Smooth Regularization for Efficient Video Recognition (Grw-smoothing)

Paper (arXiv 2511.20928) • Poster (NeurIPS 2025) • Project repo

GRW-smoothing is a plug-and-play regularization technique for video recognition models that enforces temporal smoothness in intermediate feature embeddings. Consecutive frame embeddings are modeled as a Gaussian Random Walk (GRW), and the training loss penalizes high “acceleration” in this embedding space while preserving the correct frame ordering. This inductive bias suppresses noisy, abrupt representation changes and better aligns the model with the natural temporal coherence of videos, which is especially beneficial for lightweight architectures under tight FLOP and memory budgets. When applied to MoViNet and MobileNetV3 backbones, GRW-smoothing yields improvements of 3.8–6.4 percentage points on Kinetics‑600 under comparable compute and memory constraints.

Installation

This project includes two packages:

grw-smoothing: Contains only the loss term. Use this package if you want to use the GRW-smoothing loss in your own models but don't need the trained video models.
grw-smoothing-models: Includes the trained video models and has grw-smoothing as a dependency. Use this package if you want to use the pre-trained models.

Prerequisites

Install uv (Python package installer):

curl -LsSf https://astral.sh/uv/install.sh | sh

Install Python >=3.10 and create a virtual environment:
```
uv venv --python 3.11
```
Activate the virtual environment:
```
source .venv/bin/activate
```
Install PyTorch:
```
uv pip install torch torchvision
```

Installing the packages

To install both grw-smoothing-models (which includes grw-smoothing as a dependency):

uv sync

This will install both packages and all their dependencies.

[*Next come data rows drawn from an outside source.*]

(* Let $f$ be an equivariant function between sets of strings over polynomial orbit-finite alphabets. If for some tuple of atoms $\bar a$ the function $f$ is a composition of $\bar a$-primes, then $f$ is a composition of primes.
   Context: Atoms $\mathbb A$ are a countably infinite set; atom automorphisms are bijections of $\mathbb A$; polynomial orbit-finite sets are built from $\mathbb A$ and singletons by finite products and disjoint unions. A function is $\bar a$-supported if $\pi\circ f\circ\pi^{-1}=f$ for every automorphism $\pi$ fixing $\bar a$ pointwise; equivariant means supported by the empty tuple. Compositions of $\bar a$-primes: the smallest class of functions containing (i) length-preserving homomorphisms obtained by lifting letterwise an $\bar a$-supported function $\Sigma\to\Gamma$ between polynomial orbit-finite sets, (ii) functions computed by classical Mealy machines (finite alphabets, finite states, deterministic transition $Q\times\Sigma\to Q\times\Gamma$ outputting one letter per input letter), (iii) atom propagation $(\mathbb A+\{\epsilon,\downarrow\})^*\to(\mathbb A+\bot)^*$ (position $i$ outputs the atom of position $j$ if $i$ is labelled $\downarrow$, $j<i$ carries an atom and all positions strictly between are labelled $\epsilon$; otherwise $\bot$), closed under sequential composition and parallel composition $f_1|f_2:(\Sigma_1\times\Sigma_2)^*\to(\Gamma_1\times\Gamma_2)^*$ (apply $f_i$ to the $i$-th projection). Compositions of primes are compositions of $\bar a$-primes for $\bar a$ the empty tuple (i.e. with equivariant homomorphisms). *)

theory Defs
  imports Main
begin

text \<open>Atoms are modelled by the countably infinite type nat; atom automorphisms are
  bijections nat to nat.  All alphabet elements live in a universal value type.\<close>

datatype val = VA nat | VU | VP val val | VL val | VR val

datatype pof = PAtom | PUnit | PEmpty | PProd pof pof | PSum pof pof

fun elems :: "pof \<Rightarrow> val set" where
  "elems PAtom = range VA"
| "elems PUnit = {VU}"
| "elems PEmpty = {}"
| "elems (PProd A B) = {VP x y | x y. x \<in> elems A \<and> y \<in> elems B}"
| "elems (PSum A B) = VL ` elems A \<union> VR ` elems B"

fun act :: "(nat \<Rightarrow> nat) \<Rightarrow> val \<Rightarrow> val" where
  "act \<pi> (VA a) = VA (\<pi> a)"
| "act \<pi> VU = VU"
| "act \<pi> (VP x y) = VP (act \<pi> x) (act \<pi> y)"
| "act \<pi> (VL x) = VL (act \<pi> x)"
| "act \<pi> (VR x) = VR (act \<pi> x)"

definition supported_on :: "nat list \<Rightarrow> val set \<Rightarrow> (val \<Rightarrow> val) \<Rightarrow> bool" where
  "supported_on abar X h \<longleftrightarrow>
     (\<forall>\<pi>. bij \<pi> \<and> (\<forall>a\<in>set abar. \<pi> a = a) \<longrightarrow> (\<forall>x\<in>X. h (act \<pi> x) = act \<pi> (h x)))"

definition supported_str :: "nat list \<Rightarrow> val set \<Rightarrow> (val list \<Rightarrow> val list) \<Rightarrow> bool" where
  "supported_str abar X f \<longleftrightarrow>
     (\<forall>\<pi>. bij \<pi> \<and> (\<forall>a\<in>set abar. \<pi> a = a) \<longrightarrow>
        (\<forall>w\<in>lists X. f (map (act \<pi>) w) = map (act \<pi>) (f w)))"

definition equivariant_str :: "val set \<Rightarrow> (val list \<Rightarrow> val list) \<Rightarrow> bool" where
  "equivariant_str X f \<longleftrightarrow> supported_str [] X f"

fun mealy_run :: "(nat \<Rightarrow> val \<Rightarrow> nat \<times> val) \<Rightarrow> nat \<Rightarrow> val list \<Rightarrow> val list" where
  "mealy_run \<delta> q [] = []"
| "mealy_run \<delta> q (x # w) = snd (\<delta> q x) # mealy_run \<delta> (fst (\<delta> q x)) w"

text \<open>Atom propagation: input alphabet A + {eps, down}, output alphabet A + {bot}.\<close>
definition PropIn :: pof where "PropIn = PSum PAtom (PSum PUnit PUnit)"
definition PropOut :: pof where "PropOut = PSum PAtom PUnit"
definition eps_l :: val where "eps_l = VR (VL VU)"
definition down_l :: val where "down_l = VR (VR VU)"
definition bot_l :: val where "bot_l = VR VU"

definition is_atom_l :: "val \<Rightarrow> bool" where
  "is_atom_l x \<longleftrightarrow> (\<exists>a. x = VL (VA a))"

definition prop_src :: "val list \<Rightarrow> nat \<Rightarrow> nat \<Rightarrow> bool" where
  "prop_src w i j \<longleftrightarrow> j < i \<and> is_atom_l (w ! j) \<and> (\<forall>k. j < k \<and> k < i \<longrightarrow> w ! k = eps_l)"

definition atom_prop :: "val list \<Rightarrow> val list" where
  "atom_prop w = map (\<lambda>i. if w ! i = down_l \<and> (\<exists>j. prop_src w i j)
                            then w ! (THE j. prop_src w i j) else bot_l) [0..<length w]"

fun pfst :: "val \<Rightarrow> val" where "pfst (VP x y) = x" | "pfst _ = VU"
fun psnd :: "val \<Rightarrow> val" where "psnd (VP x y) = y" | "psnd _ = VU"

text \<open>Compositions of abar-primes, as functions S* \<rightarrow> G* (considered extensionally on S*).\<close>
inductive comp_primes :: "nat list \<Rightarrow> pof \<Rightarrow> pof \<Rightarrow> (val list \<Rightarrow> val list) \<Rightarrow> bool"
  for abar :: "nat list" where
  homomorphism: "\<lbrakk>\<forall>x\<in>elems S. h x \<in> elems G; supported_on abar (elems S) h;
         \<forall>w\<in>lists (elems S). f w = map h w\<rbrakk> \<Longrightarrow> comp_primes abar S G f"
| mealy_machine: "\<lbrakk>finite (elems S); finite (elems G); finite Q; q0 \<in> Q;
          \<forall>q\<in>Q. \<forall>x\<in>elems S. fst (\<delta> q x) \<in> Q \<and> snd (\<delta> q x) \<in> elems G;
          \<forall>w\<in>lists (elems S). f w = mealy_run \<delta> q0 w\<rbrakk> \<Longrightarrow> comp_primes abar S G f"
| propagation: "\<forall>w\<in>lists (elems PropIn). f w = atom_prop w \<Longrightarrow> comp_primes abar PropIn PropOut f"
| sequential: "\<lbrakk>comp_primes abar S G f; comp_primes abar G D g;
         \<forall>w\<in>lists (elems S). h w = g (f w)\<rbrakk> \<Longrightarrow> comp_primes abar S D h"
| parallel: "\<lbrakk>comp_primes abar S1 G1 f1; comp_primes abar S2 G2 f2;
         \<forall>w\<in>lists (elems (PProd S1 S2)).
            h w = map2 VP (f1 (map pfst w)) (f2 (map psnd w))\<rbrakk>
        \<Longrightarrow> comp_primes abar (PProd S1 S2) (PProd G1 G2) h"

end

theory Submission
  imports Defs "HOL-Combinatorics.Transposition"
begin

text \<open>The atoms of \<open>abar\<close> are replaced by fresh constants: every atom position of an alphabet
  may also carry one of \<open>length abar\<close> constants, and the \<open>k\<close>-th atom of \<open>abar\<close> is encoded as the
  \<open>k\<close>-th constant. Each \<open>abar\<close>-prime is simulated on encoded strings by an equivariant composition
  of primes: a supported homomorphism is conjugated by an automorphism moving the atoms of its
  argument off \<open>abar\<close>, Mealy machines are unaffected, and atom propagation runs on two tracks, the
  atoms being propagated by atom propagation and the constants by a Mealy machine.
  If \<open>f\<close> is equivariant, moving the atoms of the input off \<open>abar\<close> shows that the simulation maps
  constant-free encodings to constant-free encodings, so it restricts to \<open>f\<close>; decoding its
  output is equivariant once a copy of the input is kept to supply a default letter.\<close>

fun atoms :: "val \<Rightarrow> nat set" where
  "atoms (VA a) = {a}"
| "atoms VU = {}"
| "atoms (VP x y) = atoms x \<union> atoms y"
| "atoms (VL x) = atoms x"
| "atoms (VR x) = atoms x"

lemma finite_atoms [simp]: "finite (atoms x)"
  by (induction x) auto

lemma atoms_act [simp]: "atoms (act \<pi> x) = \<pi> ` atoms x"
  by (induction x) (auto simp: image_Un)

lemma act_cong: "(\<And>a. a \<in> atoms x \<Longrightarrow> \<pi> a = \<pi>' a) \<Longrightarrow> act \<pi> x = act \<pi>' x"
  by (induction x) auto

Illustration of GRW-smoothing

Figure: Warm‑up airplanes dataset: three classes (yaw, pitch, roll) that are indistinguishable from a single frame. Without GRW‑smoothing, frame embeddings are scattered; with GRW‑smoothing, they form smooth, low‑acceleration trajectories that align with the underlying rotation type.

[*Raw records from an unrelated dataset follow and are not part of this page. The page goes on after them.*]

lemma wf_surjective_fm [simp]: "wf_fm \<Q> ar surjective_fm"
  by (simp add: surjective_fm_def wf_BDisj[OF inj_jA])

definition quant_fm :: "'a rel \<Rightarrow> nat list \<Rightarrow> 'a list set list \<Rightarrow> ('v, 'i, 'a) fm" where
  "quant_fm q ts Rs = GQ q (map B ts) (map2 (\<lambda>n S. in_image (B n) S) ts Rs)"

lemma tuples_in_image:
  assumes "\<forall>s \<in> S. length s = n"
  shows "{t. length t = n \<and> sat Rs (assign w (B n) t) (in_image (B n) S)} = act (w \<circ> ve) S"
  using sat_in_image_assign[OF assms] assms by (auto simp: act_def)

lemma sat_quant_fm:
  assumes ty: "typed_args ts Ss"
  shows "sat Rs w (quant_fm (SO ts Q) ts Ss) \<longleftrightarrow> map (act (w \<circ> ve)) Ss \<in> Q"
proof -
  have len: "length Ss = length ts" and ty_j: "\<And>j. j < length ts \<Longrightarrow> \<forall>s \<in> Ss ! j. length s = ts ! j"
    using ty by (auto simp: typed_args_def)
  have "map (\<lambda>(xs, P). {t. length t = length xs \<and> P (assign w xs t)})
          (zip (map B ts) (map (\<lambda>\<phi> w. sat Rs w \<phi>) (map2 (\<lambda>n S. in_image (B n) S) ts Ss)))
        = map (act (w \<circ> ve)) Ss"
    by (rule nth_equalityI) (simp_all add: len tuples_in_image[OF ty_j])
  thus ?thesis by (simp add: quant_fm_def)
qed

definition preserves_fm :: "'a rel \<Rightarrow> ('v, 'i, 'a) fm" where
  "preserves_fm q = (case q of
      FO m R \<Rightarrow> BConj jT {t. length t = m}
        (\<lambda>t. if t \<in> R then Atom q (map ve t) else Neg (Atom q (map ve t)))
    | SO ts Q \<Rightarrow> BConj jRs {Ss. typed_args ts Ss}
        (\<lambda>Ss. if Ss \<in> Q then quant_fm q ts Ss else Neg (quant_fm q ts Ss)))"

lemma sat_preserves_fm:
  assumes b: "bij (w \<circ> ve)" and wq: "wf_rel q"
  shows "sat Rs w (preserves_fm q) \<longleftrightarrow> preserves (w \<circ> ve) q"
proof (cases q)
  case (FO m R)
  have "sat Rs w (preserves_fm q) \<longleftrightarrow> (\<forall>t. length t = m \<longrightarrow> (t \<in> R \<longleftrightarrow> map (w \<circ> ve) t \<in> R))"
    unfolding FO preserves_fm_def by (auto simp: sat_BConj[OF inj_jT])
  also have "\<dots> \<longleftrightarrow> act (w \<circ> ve) R = R" using act_fixed_iff[OF b, of R m] wq FO by simp
  finally show ?thesis using FO by simp
next
  case (SO ts Q)
  have "sat Rs w (preserves_fm q)
      \<longleftrightarrow> (\<forall>Ss. typed_args ts Ss \<longrightarrow> (Ss \<in> Q \<longleftrightarrow> map (act (w \<circ> ve)) Ss \<in> Q))"
    unfolding SO preserves_fm_def by (auto simp: sat_BConj[OF inj_jRs] sat_quant_fm)
  thus ?thesis using SO by simp
qed

lemma wf_preserves_fm:
  assumes "q \<in> \<Q>"
  shows "wf_fm \<Q> ar (preserves_fm q)"
proof (cases q)
  case (FO m R)
  thus ?thesis using assms by (simp add: preserves_fm_def wf_BConj[OF inj_jT])
next
  case (SO ts Q)
  have "map length (map B ts) = ts" by (simp add: map_idI)
  thus ?thesis using SO assms distinct_B
    by (auto simp: preserves_fm_def wf_BConj[OF inj_jRs] quant_fm_def Let_def set_zip
        typed_args_def)
qed

definition aut_fm :: "'a rel set \<Rightarrow> ('v, 'i, 'a) fm" where
  "aut_fm \<Q> = and2 injective_fm (and2 surjective_fm (BConj jQ \<Q> preserves_fm))"

lemma sat_aut_fm:
  assumes "\<forall>q \<in> \<Q>. wf_rel q"
  shows "sat Rs w (aut_fm \<Q>) \<longleftrightarrow> w \<circ> ve \<in> Aut \<Q>"
  using assms sat_preserves_fm
  by (auto simp: aut_fm_def Aut_def sat_injective_fm sat_surjective_fm sat_BConj[OF inj_jQ] bij_def)

lemma wf_aut_fm [simp]: "wf_fm \<Q> ar (aut_fm \<Q>)"
  by (simp add: aut_fm_def wf_BConj[OF inj_jQ] wf_preserves_fm)

definition some_aut :: "'a rel set \<Rightarrow> ('v, 'i, 'a) fm \<Rightarrow> ('v, 'i, 'a) fm" where
  "some_aut \<Q> \<phi> = Ex (range ve) (and2 (aut_fm \<Q>) \<phi>)"

lemma sat_some_aut:
  assumes "\<forall>q \<in> \<Q>. wf_rel q"
  shows "sat Rs v (some_aut \<Q> \<phi>)
    \<longleftrightarrow> (\<exists>w. (\<forall>u. u \<notin> range ve \<longrightarrow> w u = v u) \<and> w \<circ> ve \<in> Aut \<Q> \<and> sat Rs w \<phi>)"
  by (simp add: some_aut_def sat_aut_fm[OF assms])

definition canon :: "('v \<Rightarrow> 'a) \<Rightarrow> 'v \<Rightarrow> 'a" where
  "canon v = (\<lambda>u. if u \<in> range ve then inv ve u else v u)"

How GRW-smoothing is integrated

At a high level, GRW-smoothing can be applied in two ways:

Intermediate-layer smoothing
- Globally pool intermediate feature maps over space.
- Normalize them (e.g., using batch norm without learned affine parameters).
- Slice the temporal sequence into short clips and apply the GRW loss to these sub‑sequences.
Final-layer smoothing
- Affinely normalize the final per‑frame embeddings.
- Apply GRW regularization over short temporal windows.
- Optionally feed the smoothed sequence into a lightweight temporal head (e.g., 1–2 layer Transformer) before the classifier.

In both cases, GRW acts purely on embeddings and introduces only a small overhead relative to the backbone, making it easy to drop into existing architectures.

Results on Kinetics‑600

GRW-smoothing substantially improves the accuracy–efficiency trade‑off of compact video models. On Kinetics‑600, MoViNet‑A0/1/2/3 and their streaming variants, as well as MobileNetV3, achieve 3.8–6.4 pp higher Top‑1 accuracy compared to previous state of the art at similar GFLOPs or memory usage. In particular, MoViNet‑A3‑GRW reaches 85.6% Top‑1 at just 56.4 GFLOPs, while a comparable transformer model (MViTv2‑B‑32×3) needs 18.3× more FLOPs to match this accuracy.

GFLOPs vs. Top‑1 Accuracy

Figure: Accuracy vs. FLOPs on Kinetics‑600. Red points trace MoViNet variants with GRW‑smoothing; blue points show prior published models (see Table 1). GRW‑smoothing consistently raises the Pareto frontier for efficient video recognition.

Table 1 — Kinetics‑600 by FLOPs

Top‑1 accuracy vs. total video evaluation cost (GFLOPs) on Kinetics‑600. Models enhanced with GRW‑smoothing are marked with GRW.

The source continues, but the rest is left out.